**EXERCISE:** Could you print exactly the lines of the listing below, starting at the line that has "(rule L2_set_subset) auto" and ending at the line that has "with \<alpha>'_le have", and only those lines?

**DATA:**
text \<open>The matrix \<open>diag \<nu> - d t t\<^sup>T\<close>, i.e. the adjacency matrix minus \<open>d/n\<close> times the all-ones
  matrix, has operator norm at most \<open>(6R + 1) lam\<close>. Split \<open>\<alpha>\<close> along \<open>t\<close>: the component along
  \<open>t\<close> is mapped to the degree deviation vector, and the orthogonal component \<open>\<alpha>'\<close> has a small
  top coefficient.\<close>
lemma operator_bound:
  "L2_set (\<lambda>i. \<nu> i * \<alpha> i - d * (\<Sum>j<n. t j * \<alpha> j) * t i) {..<n} \<le> (6 * R + 1) * lam * L2_set \<alpha> {..<n}"
proof -
  define \<tau> where "\<tau> = (\<Sum>j<n. t j * \<alpha> j)"
  define \<alpha>' where "\<alpha>' i = \<alpha> i - \<tau> * t i" for i
  define N where "N = L2_set \<alpha> {..<n}"
  have \<alpha>'_orth: "(\<Sum>i<n. t i * \<alpha>' i) = 0" and \<alpha>'_le: "L2_set \<alpha>' {..<n} \<le> N"
    using L2_set_orthogonal_projection[OF _ unit, of \<alpha>] unfolding \<alpha>'_def \<tau>_def N_def by auto
  have "L2_set \<alpha>' {1..<n} \<le> L2_set \<alpha>' {..<n}" by (rule L2_set_subset) auto
  with \<alpha>'_le have \<alpha>'_tail: "L2_set \<alpha>' {1..<n} \<le> N" by simp
  have \<tau>: "\<bar>\<tau>\<bar> \<le> N" using abs_sum_mult_le_L2_set[of t \<alpha> "{..<n}"] unit unfolding \<tau>_def N_def by simp
  have "1 / 2 * \<bar>\<alpha>' 0\<bar> \<le> \<bar>t 0\<bar> * \<bar>\<alpha>' 0\<bar>"
    using top_coeff by (intro mult_right_mono) auto
  also have "\<dots> \<le> tail * L2_set \<alpha>' {1..<n}"
    by (rule first_coeff_orthogonal_bound[OF n \<alpha>'_orth])
  also have "\<dots> \<le> tail * N" using \<alpha>'_tail by (intro mult_left_mono) auto
  finally have \<alpha>'0: "\<bar>\<alpha>' 0\<bar> \<le> 2 * tail * N" by simp
  have "\<bar>\<nu> 0 * \<alpha>' 0\<bar> \<le> (d + 2 * (R * lam)) * (2 * tail * N)"
    unfolding abs_mult using top_eigenvalue \<alpha>'0 by (intro mult_mono) auto
  also have "\<dots> = 2 * (d * tail) * N + 4 * (R * lam) * tail * N" by (simp add: algebra_simps)
  also have "\<dots> \<le> 2 * (2 * (R * lam)) * N + 4 * (R * lam) * (1 / 4) * N"
    using tail_bound tail_le R_lam_nonneg L2_set_nonneg[of \<alpha> "{..<n}"] unfolding N_def
    by (intro add_mono mult_right_mono mult_left_mono) auto
  finally have top: "\<bar>\<nu> 0 * \<alpha>' 0\<bar> \<le> 5 * (R * lam) * N" by (simp add: algebra_simps)
  have rest: "L2_set (\<lambda>i. \<nu> i * \<alpha>' i) {1..<n} \<le> lam * N"
  proof -
    have "L2_set (\<lambda>i. \<nu> i * \<alpha>' i) {1..<n} \<le> L2_set (\<lambda>i. lam * \<bar>\<alpha>' i\<bar>) {1..<n}"
      unfolding L2_set_abs[of "\<lambda>i. \<nu> i * \<alpha>' i", symmetric]
      using eig by (intro L2_set_mono) (auto simp: abs_mult mult_right_mono)
    also have "\<dots> \<le> lam * N"
      using \<alpha>'_tail lam by (simp add: L2_set_scale L2_set_abs mult_left_mono)
    finally show ?thesis .
  qed
  have "L2_set (\<lambda>i. \<nu> i * \<alpha> i - d * \<tau> * t i) {..<n}
      = L2_set (\<lambda>i. \<tau> * ((\<nu> i - d) * t i) + \<nu> i * \<alpha>' i) {..<n}"
    unfolding \<alpha>'_def by (simp add: algebra_simps)
  also have "\<dots> \<le> L2_set (\<lambda>i. \<tau> * ((\<nu> i - d) * t i)) {..<n} + L2_set (\<lambda>i. \<nu> i * \<alpha>' i) {..<n}"
    by (rule L2_set_triangle_ineq)
  also have "L2_set (\<lambda>i. \<tau> * ((\<nu> i - d) * t i)) {..<n} \<le> N * (R * lam)"
    unfolding L2_set_scale using \<tau> deviation R_lam_nonneg by (intro mult_mono) auto
  also have "L2_set (\<lambda>i. \<nu> i * \<alpha>' i) {..<n} \<le> \<bar>\<nu> 0 * \<alpha>' 0\<bar> + L2_set (\<lambda>i. \<nu> i * \<alpha>' i) {1..<n}"
    unfolding L2_set_lessThan_split[OF n] by (rule order_trans[OF sqrt_sum_squares_le_sum_abs]) simp
  finally show ?thesis
    using top rest unfolding \<tau>_def N_def by (simp add: algebra_simps)
qed

lemma bilinear_bound:
  "\<bar>(\<Sum>i<n. \<nu> i * \<alpha> i * \<beta> i) - d * (\<Sum>i<n. t i * \<alpha> i) * (\<Sum>i<n. t i * \<beta> i)\<bar>
     \<le> (6 * R + 1) * lam * L2_set \<alpha> {..<n} * L2_set \<beta> {..<n}"
proof -
  define \<tau> where "\<tau> = (\<Sum>j<n. t j * \<alpha> j)"
  have "(\<Sum>i<n. \<nu> i * \<alpha> i * \<beta> i) - d * \<tau> * (\<Sum>i<n. t i * \<beta> i)
      = (\<Sum>i<n. (\<nu> i * \<alpha> i - d * \<tau> * t i) * \<beta> i)"
    by (simp add: algebra_simps sum_subtractf sum_distrib_left)
  then have "\<bar>(\<Sum>i<n. \<nu> i * \<alpha> i * \<beta> i) - d * \<tau> * (\<Sum>i<n. t i * \<beta> i)\<bar>
      \<le> L2_set (\<lambda>i. \<nu> i * \<alpha> i - d * \<tau> * t i) {..<n} * L2_set \<beta> {..<n}"
    using abs_sum_mult_le_L2_set by metis
  also have "\<dots> \<le> (6 * R + 1) * lam * L2_set \<alpha> {..<n} * L2_set \<beta> {..<n}"
    using operator_bound[of \<alpha>] unfolding \<tau>_def by (intro mult_right_mono) auto
  finally show ?thesis unfolding \<tau>_def .
qed

end

lemma spectral_decomposition_L2_set:
  assumes "spectral_decomposition n a \<nu> \<phi>"
  shows "L2_set (eigen_coeff n \<phi> z) {..<n} = L2_set z {..<n}"
  unfolding L2_set_def using spectral_decomposition_parseval[OF assms, of z z]
  by (simp add: power2_eq_square)

lemma spectral_decomposition_degree_deviation:
  assumes sd: "spectral_decomposition n a \<nu> \<phi>" and n: "1 \<le> n"
    and rows: "\<And>v. v < n \<Longrightarrow> \<bar>(\<Sum>w<n. a v w) - d\<bar> \<le> r"
  shows "L2_set (\<lambda>i. (\<nu> i - d) * eigen_coeff n \<phi> (\<lambda>_. 1 / sqrt (real n)) i) {..<n} \<le> r"
proof -
  define u :: "nat \<Rightarrow> real" where "u v = 1 / sqrt (real n)" for v
  define g where "g v = (\<Sum>w<n. a v w * u w) - d * u v" for v
  have "(\<nu> i - d) * eigen_coeff n \<phi> u i = eigen_coeff n \<phi> g i" if "i < n" for i
    using spectral_decomposition_eigen_coeff_mult[OF sd that, of u]
    unfolding g_def eigen_coeff_def by (simp add: algebra_simps sum_subtractf sum_distrib_left)
  then have "L2_set (\<lambda>i. (\<nu> i - d) * eigen_coeff n \<phi> u i) {..<n} = L2_set (eigen_coeff n \<phi> g) {..<n}"
    by (intro L2_set_cong) auto
  also have "\<dots> = L2_set g {..<n}" by (rule spectral_decomposition_L2_set[OF sd])
  also have "\<dots> \<le> L2_set (\<lambda>_. r / sqrt (real n)) {..<n}"
  proof (rule L2_set_mono[of _ "\<lambda>v. \<bar>g v\<bar>", unfolded L2_set_abs])
    fix v assume v: "v \<in> {..<n}"
    have "g v = ((\<Sum>w<n. a v w) - d) / sqrt (real n)"
      unfolding g_def u_def by (simp add: sum_divide_distrib diff_divide_distrib)
    then show "\<bar>g v\<bar> \<le> r / sqrt (real n)"
      using rows[of v] v by (simp add: divide_right_mono)
  qed simp
  also have "\<dots> = r" using n rows[of 0] by (simp add: L2_set_constant)
  finally show ?thesis unfolding u_def .
qed

lemma spectral_mixing_bound:
  fixes a \<phi> :: "nat \<Rightarrow> nat \<Rightarrow> real" and \<nu> x y :: "nat \<Rightarrow> real"
  assumes sd: "spectral_decomposition n a \<nu> \<phi>" and n: "1 \<le> n"
    and eig: "\<And>i. 1 \<le> i \<Longrightarrow> i < n \<Longrightarrow> \<bar>\<nu> i\<bar> \<le> lam"
    and rows: "\<And>v. v < n \<Longrightarrow> \<bar>(\<Sum>w<n. a v w) - d\<bar> \<le> R * lam"
    and lam: "0 \<le> lam" and d: "0 < d" "2 * lam \<le> d" "8 * (R * lam) \<le> d"
  shows "\<bar>(\<Sum>v<n. \<Sum>w<n. a v w * x v * y w) - d / real n * (\<Sum>v<n. x v) * (\<Sum>v<n. y v)\<bar>
     \<le> (6 * R + 1) * lam * L2_set x {..<n} * L2_set y {..<n}"
proof -
  let ?c = "eigen_coeff n \<phi>"
  define t where "t = ?c (\<lambda>_. 1 / sqrt (real n))"
  note L2_c = spectral_decomposition_L2_set[OF sd]
  have t_c: "(\<Sum>i<n. t i * ?c z i) = (\<Sum>v<n. z v) / sqrt (real n)" for z
    unfolding t_def spectral_decomposition_parseval[OF sd] by (simp add: sum_divide_distrib)
  have "L2_set t {..<n} = 1"
    unfolding t_def L2_c L2_set_constant using n by simp
  then interpret near_regular_spectrum n \<nu> t d lam R
    using n eig lam d spectral_decomposition_degree_deviation[OF sd n rows] unfolding t_def
    by unfold_locales auto
  have "d / real n * (\<Sum>v<n. x v) * (\<Sum>v<n. y v)
      = d * ((\<Sum>v<n. x v) / sqrt (real n)) * ((\<Sum>v<n. y v) / sqrt (real n))"
    using n by (simp add: field_simps)
  then have "(\<Sum>v<n. \<Sum>w<n. a v w * x v * y w) - d / real n * (\<Sum>v<n. x v) * (\<Sum>v<n. y v)
      = (\<Sum>i<n. \<nu> i * ?c x i * ?c y i) - d * (\<Sum>i<n. t i * ?c x i) * (\<Sum>i<n. t i * ?c y i)"
    unfolding spectral_decomposition_bilinear[OF sd] t_c by simp
  with bilinear_bound[of "?c x" "?c y"] show ?thesis unfolding L2_c by simp
qed

lemma real_card_eq_sum_indicator:
  assumes "finite A" and "S \<subseteq> A"
  shows "real (card S) = (\<Sum>x\<in>A. indicator S x)"
proof -
  have "real (card S) = real (card {x \<in> A. x \<in> S})"
    using assms(2) by (intro arg_cong[where f = "\<lambda>X. real (card X)"]) auto
  also have "\<dots> = (\<Sum>x\<in>{x \<in> A. x \<in> S}. 1)" by (rule real_of_card)
  also have "\<dots> = (\<Sum>x\<in>A. indicator S x)"
    unfolding indicator_def of_bool_def by (rule sum.inter_filter[OF assms(1)])
  finally show ?thesis .
qed

lemma degree_in_eq_sum: "real (degree_in n E v) = (\<Sum>w<n. if E v w then 1 else 0)"
proof -
  have "real (degree_in n E v) = (\<Sum>w<n. indicator {w. w < n \<and> E v w} w)"
    unfolding degree_in_def by (rule real_card_eq_sum_indicator) auto
  also have "\<dots> = (\<Sum>w<n. if E v w then 1 else 0)" by (rule sum.cong) (auto simp: indicator_def)
  finally show ?thesis .
qed

lemma edges_between_eq_sum:
  assumes "U \<subseteq> {..<n}" and "W \<subseteq> {..<n}"
  shows "real (edges_between E U W)
    = (\<Sum>v<n. \<Sum>w<n. (if E v w then 1 else 0) * indicator U v * indicator W w)"
proof -
  let ?S = "{(u, w). u \<in> U \<and> w \<in> W \<and> E u w}"
  have "real (edges_between E U W) = (\<Sum>p\<in>{..<n} \<times> {..<n}. indicator ?S p)"
    unfolding edges_between_def using assms by (intro real_card_eq_sum_indicator) auto
  also have "\<dots> = (\<Sum>(v, w)\<in>{..<n} \<times> {..<n}. (if E v w then 1 else 0) * indicator U v * indicator W w)"
    by (rule sum.cong) (auto simp: indicator_def split: if_splits)
  also have "\<dots> = (\<Sum>v<n. \<Sum>w<n. (if E v w then 1 else 0) * indicator U v * indicator W w)"
    by (rule sum.cartesian_product[symmetric])
  finally show ?thesis .
qed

**SOLUTION FOR THIS TASK:**
  have "L2_set \<alpha>' {1..<n} \<le> L2_set \<alpha>' {..<n}" by (rule L2_set_subset) auto
  with \<alpha>'_le have \<alpha>'_tail: "L2_set \<alpha>' {1..<n} \<le> N" by simp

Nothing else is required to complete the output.